BEGIN DATA IN THIS EXERCISE

(* The elements appearing in a product of $\mathbf{PM}_k$ expressed in the fundamental basis form an interval for the $\leq_{\mathrm{M}}$-partial order. More precisely, for any $k$-packed matrices $M_1$ and $M_2$, $\mathbf{F}_{M_1} \cdot \mathbf{F}_{M_2} = \sum_{\mathrm{ov}(M_1, M_2) \leq_{\mathrm{M}} M \leq_{\mathrm{M}} \mathrm{un}(M_1, M_2)} \mathbf{F}_M$.
   Context: Let $k \geq 1$, $A_k := \{0,1,\dots,k\}$. A $k$-packed matrix of size $n$ is an $n\times n$ matrix with entries in $A_k$ with at least one nonzero entry in each row and column. $\mathbf{PM}_k$ has fundamental basis $(\mathbf{F}_M)$ indexed by $k$-packed matrices and product $\mathbf{F}_{M_1}\cdot\mathbf{F}_{M_2} = \sum_{M \in \mathrm{Sh}_c(M_1,M_2)} \mathbf{F}_M$, where, for sizes $n_1, n_2$, $\mathrm{Sh}_c(M_1,M_2)$ is the set of all matrices obtained by shuffling the columns of $M_1$ with an $n_2 \times n_1$ zero block placed below it, with the columns of $M_2$ with an $n_1 \times n_2$ zero block placed above it. $\mathrm{ov}(M_1,M_2) := \begin{pmatrix} M_1 & 0 \\ 0 & M_2\end{pmatrix}$ and $\mathrm{un}(M_1,M_2) := \begin{pmatrix} 0 & M_1 \\ M_2 & 0 \end{pmatrix}$. Define $\to$ on $k$-packed matrices of size $n$: $M_1 \to M_2$ if there is $i \in [n-1]$ such that, with $s$ the number of $0$ ending the $i$th column of $M_1$ and $p$ the number of $0$ starting its $(i+1)$st column, $s + p \geq n$ and $M_2$ is obtained by exchanging columns $i$ and $i+1$ of $M_1$. $\leq_{\mathrm{M}}$ is the reflexive and transitive closure of $\to$. *)

theory Defs
  imports Main "HOL-Library.Multiset"
begin

text \<open>A square matrix of size n is represented as the list of its n columns,
  each column being a list of n natural numbers (read top to bottom).\<close>

type_synonym pmatrix = "nat list list"

definition msize :: "pmatrix \<Rightarrow> nat" where
  "msize M = length M"

definition square :: "pmatrix \<Rightarrow> bool" where
  "square M \<longleftrightarrow> (\<forall>c \<in> set M. length c = length M)"

definition packed :: "nat \<Rightarrow> pmatrix \<Rightarrow> bool" where
  "packed k M \<longleftrightarrow> square M
     \<and> (\<forall>c \<in> set M. \<forall>x \<in> set c. x \<le> k)
     \<and> (\<forall>c \<in> set M. \<exists>x \<in> set c. x \<noteq> 0)
     \<and> (\<forall>i < length M. \<exists>c \<in> set M. c ! i \<noteq> 0)"

definition pad_below :: "pmatrix \<Rightarrow> pmatrix \<Rightarrow> pmatrix" where
  "pad_below M1 M2 = map (\<lambda>c. c @ replicate (length M2) 0) M1"

definition pad_above :: "pmatrix \<Rightarrow> pmatrix \<Rightarrow> pmatrix" where
  "pad_above M1 M2 = map (\<lambda>c. replicate (length M1) 0 @ c) M2"

definition ov :: "pmatrix \<Rightarrow> pmatrix \<Rightarrow> pmatrix" where
  "ov M1 M2 = pad_below M1 M2 @ pad_above M1 M2"

definition un :: "pmatrix \<Rightarrow> pmatrix \<Rightarrow> pmatrix" where
  "un M1 M2 = pad_above M1 M2 @ pad_below M1 M2"

fun merge :: "bool list \<Rightarrow> 'a list \<Rightarrow> 'a list \<Rightarrow> 'a list" where
  "merge [] xs ys = xs @ ys"
| "merge (True # bs) (x # xs) ys = x # merge bs xs ys"
| "merge (True # bs) [] ys = merge bs [] ys"
| "merge (False # bs) xs (y # ys) = y # merge bs xs ys"
| "merge (False # bs) xs [] = merge bs xs []"

definition Sh_c :: "pmatrix \<Rightarrow> pmatrix \<Rightarrow> pmatrix multiset" where
  "Sh_c M1 M2 = image_mset (\<lambda>bs. merge bs (pad_below M1 M2) (pad_above M1 M2))
     (mset_set {bs. length bs = length M1 + length M2 \<and> count_list bs True = length M1})"

definition swap_cols :: "nat \<Rightarrow> pmatrix \<Rightarrow> pmatrix" where
  "swap_cols i M = M[i := M ! Suc i, Suc i := M ! i]"

text \<open>The elementary move (0-based column index i, i.e. columns i+1, i+2 in the paper).\<close>
definition move :: "nat \<Rightarrow> pmatrix \<Rightarrow> pmatrix \<Rightarrow> bool" where
  "move k M1 M2 \<longleftrightarrow> packed k M1 \<and> packed k M2 \<and> length M2 = length M1 \<and>
     (\<exists>i. Suc i < length M1 \<and>
        length (takeWhile ((=) 0) (rev (M1 ! i)))
          + length (takeWhile ((=) 0) (M1 ! Suc i)) \<ge> length M1
        \<and> M2 = swap_cols i M1)"

definition leM :: "nat \<Rightarrow> pmatrix \<Rightarrow> pmatrix \<Rightarrow> bool" where
  "leM k = (move k)\<^sup>*\<^sup>*"

end

theory Submission
  imports Defs
begin

text \<open>Columns of \<open>ov M1 M2\<close> coming from \<open>M1\<close> end with \<open>n2\<close> zeros and those coming from
  \<open>M2\<close> start with \<open>n1\<close> zeros, so every column of the first kind may be exchanged with every column
  of the second kind: each column shuffle lies in the interval between \<open>ov M1 M2\<close> and \<open>un M1 M2\<close>.
  Conversely, a move exchanges two nonzero columns \<open>c, d\<close> of height \<open>n\<close> whose trailing zeros of
  \<open>c\<close> and leading zeros of \<open>d\<close> add up to at least \<open>n\<close>, and then the reverse exchange is
  impossible. So a move either fixes the subsequence of \<open>M1\<close>-columns or strictly decreases the
  number of exchangeable pairs in it; as this subsequence is the same at both ends of the interval,
  it is constant along every path between them, and likewise for the \<open>M2\<close>-columns. Hence the
  interval consists of the shuffles, and distinct shuffle words give distinct matrices.\<close>

definition trailing_zeros :: "nat list \<Rightarrow> nat" where
  "trailing_zeros c = length (takeWhile ((=) 0) (rev c))"

definition leading_zeros :: "nat list \<Rightarrow> nat" where
  "leading_zeros c = length (takeWhile ((=) 0) c)"

definition exchangeable :: "nat \<Rightarrow> nat list \<Rightarrow> nat list \<Rightarrow> bool" where
  "exchangeable n c d \<longleftrightarrow> n \<le> trailing_zeros c + leading_zeros d"

definition adj_exchange :: "nat \<Rightarrow> pmatrix \<Rightarrow> pmatrix \<Rightarrow> bool" where
  "adj_exchange n L L' \<longleftrightarrow>
     (\<exists>u c d v. L = u @ c # d # v \<and> L' = u @ d # c # v \<and> exchangeable n c d)"

lemma nth_takeWhile_prefix: "i < length (takeWhile P xs) \<Longrightarrow> P (xs ! i)"
  by (metis nth_mem set_takeWhileD takeWhile_nth)

lemma leading_plus_trailing_zeros_less:
  assumes "x \<in> set c" "x \<noteq> 0"
  shows "leading_zeros c + trailing_zeros c < length c"
proof -
  obtain i where i: "i < length c" "c ! i = x" using assms(1) by (auto simp: in_set_conv_nth)
  have "leading_zeros c \<le> i"
    using nth_takeWhile_prefix[of i "(=) 0" c] i assms(2) by (fastforce simp: leading_zeros_def)
  moreover have "rev c ! (length c - 1 - i) = x" using i by (simp add: rev_nth)
  then have "trailing_zeros c \<le> length c - 1 - i"
    using nth_takeWhile_prefix[of "length c - 1 - i" "(=) 0" "rev c"] assms(2)
    by (fastforce simp: trailing_zeros_def)
  ultimately show ?thesis using i(1) by linarith
qed

lemma exchangeable_asym:
  assumes "exchangeable n c d" "length c = n" "length d = n"
    and "\<exists>x\<in>set c. x \<noteq> 0" "\<exists>y\<in>set d. y \<noteq> 0"
  shows "\<not> exchangeable n d c"
proof -
  obtain x y where "x \<in> set c" "x \<noteq> 0" "y \<in> set d" "y \<noteq> 0" using assms(4,5) by blast
  then show ?thesis
    using assms(1-3) leading_plus_trailing_zeros_less[of x c] leading_plus_trailing_zeros_less[of y d]
    by (simp add: exchangeable_def)
qed

lemma adj_exchange_mset: "adj_exchange n L L' \<Longrightarrow> mset L' = mset L"
  by (auto simp: adj_exchange_def)

lemma adj_exchanges_mset: "(adj_exchange n)\<^sup>*\<^sup>* L L' \<Longrightarrow> mset L' = mset L"
  by (induction rule: rtranclp_induct) (auto dest: adj_exchange_mset)

lemma adj_exchange_Cons_Cons: "exchangeable n c d \<Longrightarrow> adj_exchange n (c # d # v) (d # c # v)"
  unfolding adj_exchange_def by (metis append_Nil)

lemma adj_exchanges_Cons:
  assumes "(adj_exchange n)\<^sup>*\<^sup>* L L'"
  shows "(adj_exchange n)\<^sup>*\<^sup>* (x # L) (x # L')"
proof -
  have "adj_exchange n (x # M) (x # M')" if "adj_exchange n M M'" for M M'
    using that unfolding adj_exchange_def by (metis append_Cons)
  with assms show ?thesis by (induction rule: rtranclp_induct) (auto intro: rtranclp.rtrancl_into_rtrancl)
qed

lemma adj_exchanges_move_left:
  "\<forall>x\<in>set xs. exchangeable n x y \<Longrightarrow> (adj_exchange n)\<^sup>*\<^sup>* (xs @ y # zs) (y # xs @ zs)"
proof (induction xs)
  case (Cons x xs)
  then have "(adj_exchange n)\<^sup>*\<^sup>* (x # xs @ y # zs) (x # y # xs @ zs)"
    by (simp add: adj_exchanges_Cons)
  moreover have "adj_exchange n (x # y # xs @ zs) (y # x # xs @ zs)"
    using Cons.prems by (simp add: adj_exchange_Cons_Cons)
  ultimately show ?case by simp
qed simp

lemma adj_exchanges_move_right:
  "\<forall>y\<in>set ys. exchangeable n x y \<Longrightarrow> (adj_exchange n)\<^sup>*\<^sup>* (x # ys @ zs) (ys @ x # zs)"
proof (induction ys)
  case (Cons y ys)
  have "adj_exchange n (x # y # ys @ zs) (y # x # ys @ zs)"
    using Cons.prems by (simp add: adj_exchange_Cons_Cons)
  moreover have "(adj_exchange n)\<^sup>*\<^sup>* (y # x # ys @ zs) (y # ys @ x # zs)"
    using Cons by (simp add: adj_exchanges_Cons)
  ultimately show ?case by (simp add: converse_rtranclp_into_rtranclp)
qed simp

lemma adj_exchanges_append_swap:
  "\<forall>x\<in>set xs. \<forall>y\<in>set ys. exchangeable n x y \<Longrightarrow> (adj_exchange n)\<^sup>*\<^sup>* (xs @ ys) (ys @ xs)"
proof (induction xs)
  case (Cons x xs)
  then have "(adj_exchange n)\<^sup>*\<^sup>* (x # xs @ ys) (x # ys @ xs)" by (simp add: adj_exchanges_Cons)
  moreover have "(adj_exchange n)\<^sup>*\<^sup>* (x # ys @ xs) (ys @ x # xs)"
    using Cons.prems by (simp add: adj_exchanges_move_right)
  ultimately show ?case by simp
qed simp

lemma adj_exchanges_to_merge:
  "\<forall>x\<in>set xs. \<forall>y\<in>set ys. exchangeable n x y \<Longrightarrow> (adj_exchange n)\<^sup>*\<^sup>* (xs @ ys) (merge bs xs ys)"
proof (induction bs xs ys rule: merge.induct)
  case (4 bs xs y ys)
  have "(adj_exchange n)\<^sup>*\<^sup>* (xs @ y # ys) (y # xs @ ys)"
    using "4.prems" by (simp add: adj_exchanges_move_left)
  moreover have "(adj_exchange n)\<^sup>*\<^sup>* (y # xs @ ys) (y # merge bs xs ys)"
    using 4 by (simp add: adj_exchanges_Cons)
  ultimately show ?case by simp
qed (auto simp: adj_exchanges_Cons)

lemma adj_exchanges_from_merge:
  "\<forall>x\<in>set xs. \<forall>y\<in>set ys. exchangeable n x y \<Longrightarrow> (adj_exchange n)\<^sup>*\<^sup>* (merge bs xs ys) (ys @ xs)"
proof (induction bs xs ys rule: merge.induct)
  case (1 xs ys)
  then show ?case by (simp add: adj_exchanges_append_swap)
next
  case (2 bs x xs ys)
  have "(adj_exchange n)\<^sup>*\<^sup>* (x # merge bs xs ys) (x # ys @ xs)"
    using 2 by (simp add: adj_exchanges_Cons)
  moreover have "(adj_exchange n)\<^sup>*\<^sup>* (x # ys @ xs) (ys @ x # xs)"
    using "2.prems" by (simp add: adj_exchanges_move_right)
  ultimately show ?case by simp
qed (auto simp: adj_exchanges_Cons)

END DATA IN THIS EXERCISE

▶ [GOAL OF THE EXERCISE]: Nothing but the lines with "assumes" should be returned, copied from the entries above.

▶ [ANSWER TO THE PROBLEM]:
  assumes "x \<in> set c" "x \<noteq> 0"
  assumes "exchangeable n c d" "length c = n" "length d = n"
  assumes "(adj_exchange n)\<^sup>*\<^sup>* L L'"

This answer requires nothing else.